Simple ground turkey (or chicken or beef) shepherd’s pie with a creamy parmesan mashed cauliflower topping!
For the mashed cauliflower topping:
- 1 head of cauliflower, cut into florets
- 1 tbsp butter
- 2–3 cloves of garlic, minced
- 1/3 cup plain Greek yogurt (or sub sour cream)
- 1/4 cup low sodium vegetable broth
- 1 cup grated parmesan
- Salt + pepper, to taste
For the filling:
- 1 tbsp olive oil
- 1 yellow onion, finely diced
- 2 cloves of garlic, minced
- 1 lb ground turkey (can sub ground chicken or beef)
- 1/2 tsp oregano
- 1/4 tsp thyme
- Salt and pepper, to taste
- 3 tbsp tomato paste
- 1/2 cup low sodium vegetable broth (can sub chicken or beef broth)

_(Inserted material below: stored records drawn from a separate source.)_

(* Assume $|\mathcal X|>2$, $\theta>0$, $u\in(0,1)$, Nakagami-$(p,q)$ fading, and let $\rho^*=\rho^*(\theta,u)$. Let $\mathsf q$ be a corner point of the interference-cloned Q cell $Q_{\mathsf x}(\rho^* )$ (a point of $\partial Q_{\mathsf x}(\rho^* )$ where two boundary arcs, belonging to the distance-ratio circles of two distinct interferers $\mathsf x',\mathsf x''$, meet), and suppose that $\mathsf x',\mathsf x''$ are the only interferers at minimal distance from $\mathsf q$. Then, with only the two nearest interferers taken into account, $\mathbb P\!\left(\frac{h_1r_1^{-\alpha}}{h_2r_2^{-\alpha}+h_3r_3^{-\alpha}}>\theta\right)=u$ at $\mathsf q$; in particular $\mathsf q\in\partial Q^{(2)}_{\mathsf x}$.
   Context: Setting: locally finite $\mathcal X\subset\mathbb{R}^2$, path loss exponent $\alpha>0$, unit powers; Nakagami-$(p,q)$ fading: serving fading $h_1\sim\mathrm{Gamma}(p,\text{rate }p)$, interferer fadings $h_2,h_3,\dots\sim\mathrm{Gamma}(q,\text{rate }q)$, all independent. $H^*=h_1/(h_2+h_3)$ with cdf $F_{H^*}$ and quantile $F_{H^*}^{-1}$; $\rho^*(\theta,u)=(\theta/F_{H^*}^{-1}(1-u))^{1/\alpha}$. Q cell: $Q_{\mathsf x}(\rho)=\{\mathsf y:\min_{\mathsf x'\in\mathcal X\setminus\{\mathsf x\}}\|\mathsf x'-\mathsf y\|>\rho\|\mathsf x-\mathsf y\|\}$; its boundary consists of arcs of the circles $\{\mathsf y:\|\mathsf x'-\mathsf y\|=\rho\|\mathsf x-\mathsf y\|\}$. For a location $\mathsf y$ with $\mathsf x$ as nearest point of $\mathcal X$, let $r_1=\|\mathsf x-\mathsf y\|\le r_2\le r_3$ be the three smallest distances from $\mathsf y$ to points of $\mathcal X$. Second-order Q cell: $Q^{(2)}_{\mathsf x}=\{\mathsf y:\ \mathsf x\text{ nearest to }\mathsf y,\ \mathbb P(h_1r_1^{-\alpha}/(h_2r_2^{-\alpha}+h_3r_3^{-\alpha})>\theta)>u\}$. *)

theory Defs
  imports "HOL-Probability.Probability"
begin

type_synonym pt = "real ^ 2"

definition gamma_dens :: "real \<Rightarrow> real \<Rightarrow> real \<Rightarrow> ennreal" where
  "gamma_dens k b x = (if 0 < x then ennreal (b powr k * x powr (k - 1) * exp (- b * x) / Gamma k) else 0)"

text \<open>Law of Nakagami-m power fading: Gamma(m, rate m).\<close>
definition nak :: "real \<Rightarrow> real measure" where
  "nak m = density lborel (gamma_dens m m)"

definition fad :: "real \<Rightarrow> real \<Rightarrow> (real \<times> real \<times> real) measure" where
  "fad p q = nak p \<Otimes>\<^sub>M (nak q \<Otimes>\<^sub>M nak q)"

definition F_H :: "real \<Rightarrow> real \<Rightarrow> real \<Rightarrow> real" where
  "F_H p q t = measure (fad p q) {(h1, h2, h3). h1 / (h2 + h3) \<le> t}"

definition F_H_inv :: "real \<Rightarrow> real \<Rightarrow> real \<Rightarrow> real" where
  "F_H_inv p q v = Inf {t. v \<le> F_H p q t}"

definition rho_star :: "real \<Rightarrow> real \<Rightarrow> real \<Rightarrow> real \<Rightarrow> real \<Rightarrow> real" where
  "rho_star p q \<alpha> \<theta> u = (\<theta> / F_H_inv p q (1 - u)) powr (1 / \<alpha>)"

definition succ_prob :: "real \<Rightarrow> real \<Rightarrow> real \<Rightarrow> real \<Rightarrow> real \<Rightarrow> real \<Rightarrow> real \<Rightarrow> real" where
  "succ_prob p q \<alpha> \<theta> r1 r2 r3 = measure (fad p q)
     {(h1, h2, h3). h1 * r1 powr (-\<alpha>) / (h2 * r2 powr (-\<alpha>) + h3 * r3 powr (-\<alpha>)) > \<theta>}"

definition locally_finite :: "pt set \<Rightarrow> bool" where
  "locally_finite X \<longleftrightarrow> (\<forall>R. finite (X \<inter> cball 0 R))"

text \<open>Q cell: the minimum over X - {x} exceeds rho*|x-y| (min exists by local finiteness).\<close>
definition Qcell :: "pt set \<Rightarrow> pt \<Rightarrow> real \<Rightarrow> pt set" where
  "Qcell X x \<rho> = {y. \<forall>x'\<in>X - {x}. dist x' y > \<rho> * dist x y}"

definition ratio_circle :: "pt \<Rightarrow> pt \<Rightarrow> real \<Rightarrow> pt set" where
  "ratio_circle x x' \<rho> = {y. dist x' y = \<rho> * dist x y}"

definition kdist :: "pt set \<Rightarrow> pt \<Rightarrow> nat \<Rightarrow> real" where
  "kdist X y k = Inf {r. k \<le> card {z\<in>X. dist z y \<le> r}}"

definition Q2cell :: "pt set \<Rightarrow> pt \<Rightarrow> real \<Rightarrow> real \<Rightarrow> real \<Rightarrow> real \<Rightarrow> real \<Rightarrow> pt set" where
  "Q2cell X x p q \<alpha> \<theta> u = {y. (\<forall>z\<in>X. dist x y \<le> dist z y) \<and>
      succ_prob p q \<alpha> \<theta> (dist x y) (kdist X y 2) (kdist X y 3) > u}"

end

theory Submission
  imports Defs
begin

text \<open>
  At the corner c both interferers lie on their distance-ratio circles, so the two interfering
  distances are r2 = r3 = \<rho>* r1 and the success probability is P(H* > \<theta> (\<rho>*)^(-\<alpha>)) =
  P(H* > F^-1(1 - u)) = 1 - F(F^-1(1 - u)) = u; the last step needs F continuous, which holds
  because H* has no atoms. Every other point y \<noteq> x of the Q cell has all interferers strictly
  beyond \<rho>* r1, and the success probability increases as interferers move away, so it exceeds u
  there: the Q cell without x lies in the second-order Q cell. Since c is in the closure of the
  Q cell but not in the second-order cell, it is a boundary point of the latter.
\<close>

subsection \<open>Nakagami fading\<close>

lemma gamma_dens_measurable [measurable]: "gamma_dens k b \<in> borel_measurable borel"
  unfolding gamma_dens_def by measurable

lemma prob_space_nak:
  assumes m: "0 < m"
  shows "prob_space (nak m)"
proof
  have G: "0 < Gamma m" "Gamma m \<noteq> 0" using Gamma_real_pos[OF m] by simp_all
  have rescaled: "gamma_dens m m (x / m)
      = ennreal (m / Gamma m) * ennreal (indicator {0..} x * x powr (m - 1) / exp x)" for x
  proof (cases "0 < x")
    case True
    have "m powr m * (x / m) powr (m - 1) * exp (- m * (x / m)) / Gamma m
        = m / Gamma m * (x powr (m - 1) / exp x)"
      using m True by (simp add: powr_divide powr_diff field_simps exp_minus)
    then show ?thesis
      using True m G by (simp add: gamma_dens_def ennreal_mult'[symmetric])
  qed (use m in \<open>auto simp: gamma_dens_def zero_less_divide_iff\<close>)
  have "emeasure (nak m) (space (nak m)) = (\<integral>\<^sup>+x. gamma_dens m m x \<partial>lborel)"
    unfolding nak_def by (simp add: emeasure_density)
  also have "\<dots> = ennreal (1 / m) * (\<integral>\<^sup>+x. gamma_dens m m (x / m) \<partial>lborel)"
    using m by (subst nn_integral_real_affine[where c = "1 / m" and t = 0]) auto
  also have "\<dots> = ennreal (1 / m) * (ennreal (m / Gamma m) * ennreal (Gamma m))"
    by (simp add: rescaled nn_integral_cmult Gamma_conv_nn_integral_real[OF m])
  also have "\<dots> = 1"
    using m G by (simp add: ennreal_mult'[symmetric])
  finally show "emeasure (nak m) (space (nak m)) = 1" .
qed

lemma sets_nak [simp, measurable_cong]: "sets (nak m) = sets borel"
  unfolding nak_def by simp

lemma space_nak [simp]: "space (nak m) = UNIV"
  unfolding nak_def by simp

lemma sets_fad [simp, measurable_cong]: "sets (fad p q) = sets (borel \<Otimes>\<^sub>M (borel \<Otimes>\<^sub>M borel))"
  unfolding fad_def by (intro sets_pair_measure_cong) simp_all

lemma space_fad [simp]: "space (fad p q) = UNIV"
  unfolding fad_def by (simp add: space_pair_measure)

lemma prob_space_fad: "0 < p \<Longrightarrow> 0 < q \<Longrightarrow> prob_space (fad p q)"
  unfolding fad_def by (intro prob_space_pair prob_space_nak)

lemma AE_nak_pos_neq:
  assumes "0 < m"
  shows "AE x in nak m. 0 < x \<and> x \<noteq> a"
proof -
  have "AE x in lborel. 0 < gamma_dens m m x \<longrightarrow> 0 < x \<and> x \<noteq> a"
    using AE_lborel_singleton[of a] by eventually_elim (auto simp: gamma_dens_def)
  then show ?thesis
    unfolding nak_def by (subst AE_density) auto
qed

lemma AE_fad:
  assumes p: "0 < p" and q: "0 < q"
  shows "AE h in fad p q. 0 < fst h \<and> 0 < fst (snd h) \<and> 0 < snd (snd h)
    \<and> fst h \<noteq> t * (fst (snd h) + snd (snd h))"
proof -
  interpret P: prob_space "nak p" by (rule prob_space_nak[OF p])
  interpret Q: prob_space "nak q" by (rule prob_space_nak[OF q])
  interpret QQ: pair_sigma_finite "nak q" "nak q" ..
  interpret PQQ: pair_sigma_finite "nak p" "nak q \<Otimes>\<^sub>M nak q"
    using prob_space_pair[OF Q.prob_space_axioms Q.prob_space_axioms]
    by (simp add: pair_sigma_finite_def P.sigma_finite_measure_axioms prob_space_imp_sigma_finite)
  let ?good = "\<lambda>x y. 0 < x \<and> 0 < fst y \<and> 0 < snd y \<and> x \<noteq> t * (fst y + snd y)"
  have good_sets: "{h \<in> space (nak p \<Otimes>\<^sub>M (nak q \<Otimes>\<^sub>M nak q)). ?good (fst h) (snd h)}
      \<in> sets (nak p \<Otimes>\<^sub>M (nak q \<Otimes>\<^sub>M nak q))"
    by measurable
  have "AE y in nak q \<Otimes>\<^sub>M nak q. 0 < fst y \<and> 0 < snd y"
  proof (rule QQ.AE_pair_measure)
    show "{y \<in> space (nak q \<Otimes>\<^sub>M nak q). 0 < fst y \<and> 0 < snd y} \<in> sets (nak q \<Otimes>\<^sub>M nak q)"
      by measurable
    show "AE y1 in nak q. AE y2 in nak q. 0 < fst (y1, y2) \<and> 0 < snd (y1, y2)"
      using AE_nak_pos_neq[OF q, of 0]
    proof eventually_elim
      case (elim y1)
      show ?case using AE_nak_pos_neq[OF q, of 0] by eventually_elim (use elim in simp)
    qed
  qed
  then have "AE y in nak q \<Otimes>\<^sub>M nak q. AE x in nak p. ?good x y"
  proof eventually_elim
    case (elim y)
    show ?case using AE_nak_pos_neq[OF p, of "t * (fst y + snd y)"] by eventually_elim (use elim in simp)
  qed
  then have "AE x in nak p. AE y in nak q \<Otimes>\<^sub>M nak q. ?good x y"
    using PQQ.AE_commute[OF good_sets] by blast
  then have "AE h in nak p \<Otimes>\<^sub>M (nak q \<Otimes>\<^sub>M nak q). ?good (fst h) (snd h)"
    using PQQ.AE_pair_iff[OF good_sets] by blast
  then show ?thesis
    unfolding fad_def .
qed

subsection \<open>The distribution of H*\<close>

definition fading_ratio :: "real \<times> real \<times> real \<Rightarrow> real" where
  "fading_ratio h = fst h / (fst (snd h) + snd (snd h))"

lemma fading_ratio_measurable [measurable]: "fading_ratio \<in> borel_measurable (fad p q)"
  unfolding fading_ratio_def by measurable

lemma sets_vimage_fading_ratio: "A \<in> sets borel \<Longrightarrow> fading_ratio -` A \<in> sets (fad p q)"
  using measurable_sets[OF fading_ratio_measurable, of A p q] by simp

lemma AE_fading_ratio:
  assumes "0 < p" "0 < q"
  shows "AE h in fad p q. 0 < fading_ratio h \<and> fading_ratio h \<noteq> s"
  using AE_fad[OF assms, of s] by eventually_elim (auto simp: fading_ratio_def field_simps)

lemma F_H_eq_cdf: "F_H p q s = cdf (distr (fad p q) borel fading_ratio) s"
proof -
  have "fading_ratio -` {..s} \<inter> space (fad p q) = {(h1, h2, h3). h1 / (h2 + h3) \<le> s}"
    by (auto simp: fading_ratio_def)
  then show ?thesis
    unfolding cdf_def F_H_def by (subst measure_distr) auto
qed

lemma real_distribution_fading_ratio:
  assumes "0 < p" "0 < q"
  shows "real_distribution (distr (fad p q) borel fading_ratio)"
proof -
  interpret prob_space "fad p q" by (rule prob_space_fad[OF assms])
  show ?thesis
    by (intro real_distribution.intro prob_space_distr) (simp_all add: real_distribution_axioms_def)
qed

lemma isCont_F_H:
  assumes "0 < p" "0 < q"
  shows "isCont (F_H p q) s"
proof -
  interpret D: real_distribution "distr (fad p q) borel fading_ratio"
    by (rule real_distribution_fading_ratio[OF assms])
  have "measure (fad p q) (fading_ratio -` {s}) = measure (fad p q) {}"
    by (rule measure_eq_AE)
      (use AE_fading_ratio[OF assms, of s] sets_vimage_fading_ratio[of "{s}" p q] in \<open>auto elim: eventually_mono\<close>)
  then have "measure (distr (fad p q) borel fading_ratio) {s} = 0"
    by (subst measure_distr) auto
  then show ?thesis
    unfolding F_H_eq_cdf[abs_def] by (simp add: D.isCont_cdf)
qed

lemma F_H_nonpos:
  assumes "0 < p" "0 < q" "s \<le> 0"
  shows "F_H p q s = 0"
proof -
  have "F_H p q s = measure (fad p q) (fading_ratio -` {..s})"
    by (simp add: F_H_eq_cdf cdf_def measure_distr)
  also have "\<dots> = measure (fad p q) {}"
    by (rule measure_eq_AE)
      (use AE_fading_ratio[OF assms(1,2), of s] assms(3) sets_vimage_fading_ratio[of "{..s}" p q]
        in \<open>auto elim: eventually_mono\<close>)
  finally show ?thesis by simp
qed

lemma F_H_at_top:
  assumes "0 < p" "0 < q"
  shows "(F_H p q \<longlongrightarrow> 1) at_top"
proof -
  interpret D: real_distribution "distr (fad p q) borel fading_ratio"
    by (rule real_distribution_fading_ratio[OF assms])
  show ?thesis
    unfolding F_H_eq_cdf[abs_def] by (rule D.cdf_lim_at_top_prob)
qed
(* Let $m\ge 0$ and $n \ge 2m$ be integers. Then for every real $r$ with $|r|>1$, $$\int_{-1}^1 \frac{T_n(s)(1-s^2)^{m-\frac{1}{2}}}{s-r}\,ds = \pi(-1)^{m+1}\frac{|r|}{r}(r^2-1)^{m-\frac{1}{2}}\left(r-\frac{|r|}{r}\sqrt{r^2-1}\right)^n.$$
   Context: $T_k(s)=\cos(k\cos^{-1}s)$ is the Tchebyshev polynomial of the first kind. Since $|r|>1$, the integrand has no singularity in the interior of $(-1,1)$ and the integral is an ordinary (improper at $\pm1$ when $m=0$) integral. *)

theory Defs
  imports "HOL-Analysis.Analysis"
begin

definition cheb_T :: "nat \<Rightarrow> real \<Rightarrow> real" where
  "cheb_T k s = cos (real k * arccos s)"

end

theory Submission
  imports Defs
begin

(* Write K(n, m) for the integral.  For m = 0, the identity s / (s - r) = 1 + r / (s - r) turns the
   recurrence T(k+2) = 2 s T(k+1) - T(k) into K(k+2, 0) = 2 r K(k+1, 0) - K(k, 0), because
   T(k+1) is orthogonal to 1 for the weight (1 - s^2)^(-1/2).  With K(1, 0) = pi + r K(0, 0) and
   K(0, 0) computed from an arcsin antiderivative, this gives K(n, 0) = K(0, 0) rho^n, where rho is the
   root of rho^2 - 2 r rho + 1 = 0 inside the unit interval.  Raising m by one multiplies the weight by
   1 - s^2, and (1 - s^2) T(k+2) = T(k+2)/2 - T(k+4)/4 - T(k)/4 then multiplies K by
   rho^2/2 - rho^4/4 - 1/4 = -(r^2 - 1) rho^2; peeling off one factor 1 - s^2 costs two degrees,
   hence the hypothesis n >= 2 m. *)

lemma cheb_T_0 [simp]: "cheb_T 0 s = 1"
  by (simp add: cheb_T_def)

lemma cheb_T_1: "\<bar>s\<bar> \<le> 1 \<Longrightarrow> cheb_T 1 s = s"
  by (simp add: cheb_T_def cos_arccos_abs)

lemma cheb_T_add_2:
  assumes "\<bar>s\<bar> \<le> 1"
  shows "cheb_T (k + 2) s = 2 * s * cheb_T (k + 1) s - cheb_T k s"
proof -
  define \<theta> where "\<theta> = arccos s"
  have "cos \<theta> = s"
    using assms by (simp add: \<theta>_def cos_arccos_abs)
  moreover have "real (k + 2) * \<theta> = real (k + 1) * \<theta> + \<theta>"
    "real k * \<theta> = real (k + 1) * \<theta> - \<theta>"
    by (simp_all add: algebra_simps)
  ultimately show ?thesis
    unfolding cheb_T_def \<theta>_def[symmetric] by (simp add: cos_add cos_diff)
qed

lemma one_minus_sq_mult_cheb_T:
  assumes "\<bar>s\<bar> \<le> 1"
  shows "(1 - s\<^sup>2) * cheb_T (k + 2) s = cheb_T (k + 2) s / 2 - cheb_T (k + 4) s / 4 - cheb_T k s / 4"
proof -
  have "k + 1 + 1 = k + 2" "k + 1 + 2 = k + 3" "k + 2 + 1 = k + 3" "k + 2 + 2 = k + 4"
    by simp_all
  then have "cheb_T (k + 2) s = 2 * s * cheb_T (k + 1) s - cheb_T k s"
    "cheb_T (k + 3) s = 2 * s * cheb_T (k + 2) s - cheb_T (k + 1) s"
    "cheb_T (k + 4) s = 2 * s * cheb_T (k + 3) s - cheb_T (k + 2) s"
    using cheb_T_add_2[OF assms, of k] cheb_T_add_2[OF assms, of "k + 1"] cheb_T_add_2[OF assms, of "k + 2"]
    by (simp_all only:)
  then show ?thesis
    by algebra
qed

lemma has_integral_cheb_T_chebyshev_weight:
  "((\<lambda>s. cheb_T k s / sqrt (1 - s\<^sup>2)) has_integral (if k = 0 then pi else 0)) {-1..1}"
proof -
  define F where
    "F = (if k = 0 then (\<lambda>s. - arccos s) else (\<lambda>s. - sin (real k * arccos s) / real k))"
  have "((\<lambda>s. cheb_T k s / sqrt (1 - s\<^sup>2)) has_integral F 1 - F (-1)) {-1..1}"
  proof (rule fundamental_theorem_of_calculus_interior)
    show "continuous_on {-1..1} F"
      unfolding F_def by (auto intro!: continuous_intros)
    fix x :: real assume "x \<in> {-1<..<1}"
    then have "-1 < x" "x < 1" "0 < 1 - x\<^sup>2"
      by (auto simp: abs_square_less_1)
    then show "(F has_vector_derivative cheb_T k x / sqrt (1 - x\<^sup>2)) (at x)"
      unfolding F_def has_real_derivative_iff_has_vector_derivative[symmetric]
      by (auto intro!: derivative_eq_intros simp: cheb_T_def divide_simps)
  qed simp
  moreover have "F 1 - F (-1) = (if k = 0 then pi else 0)"
    by (simp add: F_def)
  ultimately show ?thesis
    by simp
qed
lemma classification_TSV_10:
  assumes "(\<alpha>, \<gamma>) \<noteq> (0, 0)"
  shows "classification TYPE('v::ab_group_add) (TSV_ab 1 0) \<alpha> \<beta> \<gamma> \<eta> (list_10 \<alpha> \<beta> \<gamma> \<eta>)"
proof (cases "\<gamma> = 0")
  case True
  then have "\<alpha> \<noteq> 0" using assms by simp
  then show ?thesis
    unfolding \<open>\<gamma> = 0\<close> by (intro classification_gamma_0 TSV_ab_simps(1) TSV_ab_h_vanishes list_10_iff)
qed (rule classification_TSV_10_gamma_nonzero)

theorem theorem4p4:
  shows "(\<forall>a b \<alpha> \<beta> \<eta>. (a, b) \<noteq> (1, 0) \<and> \<alpha> \<noteq> 0 \<longrightarrow>
            classification TYPE('v::ab_group_add) (TSV_ab a b) \<alpha> \<beta> 0 \<eta> (list_ab a b \<alpha> \<beta> \<eta>))
       \<and> (\<forall>\<alpha> \<beta> \<gamma> \<eta>. (\<alpha>, \<gamma>) \<noteq> (0, 0) \<longrightarrow>
            classification TYPE('v) (TSV_ab 1 0) \<alpha> \<beta> \<gamma> \<eta> (list_10 \<alpha> \<beta> \<gamma> \<eta>))
       \<and> (\<forall>c \<alpha> \<beta> \<eta>. \<alpha> \<noteq> 0 \<longrightarrow>
            classification TYPE('v) (TSV_c c) \<alpha> \<beta> 0 \<eta> (list_c c \<alpha> \<beta> \<eta>))"
proof (intro conjI allI impI)
  fix a b \<alpha> \<beta> \<eta> :: complex
  assume "(a, b) \<noteq> (1, 0) \<and> \<alpha> \<noteq> 0"
  then show "classification TYPE('v) (TSV_ab a b) \<alpha> \<beta> 0 \<eta> (list_ab a b \<alpha> \<beta> \<eta>)"
    by (intro classification_gamma_0 TSV_ab_simps(1) TSV_ab_h_vanishes list_ab_iff) simp_all
next
  fix \<alpha> \<beta> \<gamma> \<eta> :: complex
  assume "(\<alpha>, \<gamma>) \<noteq> (0, 0)"
  then show "classification TYPE('v) (TSV_ab 1 0) \<alpha> \<beta> \<gamma> \<eta> (list_10 \<alpha> \<beta> \<gamma> \<eta>)"
    by (rule classification_TSV_10)
next
  fix c \<alpha> \<beta> \<eta> :: complex
  assume "\<alpha> \<noteq> 0"
  then show "classification TYPE('v) (TSV_c c) \<alpha> \<beta> 0 \<eta> (list_c c \<alpha> \<beta> \<eta>)"
    by (intro classification_gamma_0 TSV_c_simps(1) TSV_c_h_vanishes list_c_iff)
qed

end
text \<open>The library has no class of complex vector spaces, so a complex Hilbert space is modelled
  as a (real) Banach space 'h together with a complex scalar multiplication sm extending the
  real one, and a complex inner product ip inducing the norm.
  Convention: ip is conjugate-linear in the first argument, linear in the second.\<close>
definition is_complex_hilbert ::
  "(complex \<Rightarrow> 'h::banach \<Rightarrow> 'h) \<Rightarrow> ('h \<Rightarrow> 'h \<Rightarrow> complex) \<Rightarrow> bool" where
  "is_complex_hilbert sm ip \<longleftrightarrow>
     (\<forall>c x y. sm c (x + y) = sm c x + sm c y) \<and>
     (\<forall>c d x. sm (c + d) x = sm c x + sm d x) \<and>
     (\<forall>c d x. sm (c * d) x = sm c (sm d x)) \<and>
     (\<forall>r x. sm (complex_of_real r) x = r *\<^sub>R x) \<and>
     (\<forall>c x. norm (sm c x) = cmod c * norm x) \<and>
     (\<forall>x y z. ip x (y + z) = ip x y + ip x z) \<and>
     (\<forall>x y c. ip x (sm c y) = c * ip x y) \<and>
     (\<forall>x y. ip y x = cnj (ip x y)) \<and>
     (\<forall>x. ip x x = complex_of_real ((norm x)\<^sup>2))"

definition csubspace :: "(complex \<Rightarrow> 'h::banach \<Rightarrow> 'h) \<Rightarrow> 'h set \<Rightarrow> bool" where
  "csubspace sm D \<longleftrightarrow> 0 \<in> D \<and> (\<forall>f\<in>D. \<forall>g\<in>D. f + g \<in> D) \<and> (\<forall>c. \<forall>f\<in>D. sm c f \<in> D)"

definition cspan :: "(complex \<Rightarrow> 'h::banach \<Rightarrow> 'h) \<Rightarrow> 'h set \<Rightarrow> 'h set" where
  "cspan sm S = {x. \<exists>F c. finite F \<and> F \<subseteq> S \<and> x = (\<Sum>v\<in>F. sm (c v) v)}"

definition linear_on :: "(complex \<Rightarrow> 'h::banach \<Rightarrow> 'h) \<Rightarrow> 'h set \<Rightarrow> ('h \<Rightarrow> 'h) \<Rightarrow> bool" where
  "linear_on sm D T \<longleftrightarrow> (\<forall>f\<in>D. \<forall>g\<in>D. \<forall>c. T (sm c f + g) = sm c (T f) + T g)"

text \<open>The adjoint of T (an operator with domain D) is defined on all of D and maps D into D:
  for every g in D there is h in D with ip g (T f) = ip h f for all f in D (h = T-dagger g).\<close>
definition adjoint_preserves :: "('h \<Rightarrow> 'h \<Rightarrow> complex) \<Rightarrow> 'h set \<Rightarrow> ('h \<Rightarrow> 'h) \<Rightarrow> bool" where
  "adjoint_preserves ip D T \<longleftrightarrow> (\<forall>g\<in>D. \<exists>h\<in>D. \<forall>f\<in>D. ip g (T f) = ip h f)"

definition exp_dom ::
  "(complex \<Rightarrow> 'h::banach \<Rightarrow> 'h) \<Rightarrow> 'h set \<Rightarrow> ('h \<Rightarrow> 'h) \<Rightarrow> complex \<Rightarrow> 'h set" where
  "exp_dom sm D T \<gamma> = {f. (\<forall>k. (T ^^ k) f \<in> D) \<and>
      summable (\<lambda>k. sm (\<gamma> ^ k / fact k) ((T ^^ k) f))}"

- 2 cups frozen vegetable medley (with peas, corn, carrots, green beans)
- In a large stockpot, cover the cauliflower florets with water. Bring water to a boil and allow to boil until cauliflower is fork tender, about 10-12 minutes. Drain cauliflower and let drain for 2 minutes.
- Heat the same pot the cauliflower was cooked in on medium-low. Add butter and garlic; cook for about 30 seconds. Stir in the drained cauliflower, Greek yogurt, and parmesan. Season well with salt and pepper.
- Use an immersion blender to blend the ingredients until very smooth (alternatively you can blend in a food processor). Set aside.
- Preheat oven to 375°F.
- Make the turkey and veggie filling. Heat a large pan over medium heat with the olive oil. Add your diced onion and sauté for 3-5 minutes. Stir in garlic, then add your ground turkey, oregano, thyme, and season with salt and pepper. Cook, breaking up to crumble the meat, until no longer pink.
- Stir in your tomato paste; allow to cook for 3 minutes. Add the broth and allow to simmer for 5 minutes. Stir in the frozen vegetables, then remove from heat.
- Add your filling to a square baking dish, then spread the mashed cauliflower over the top. Bake for 20-25 minutes; option to broil at the end for a few minutes to slightly brown the cauliflower. Serve and enjoy!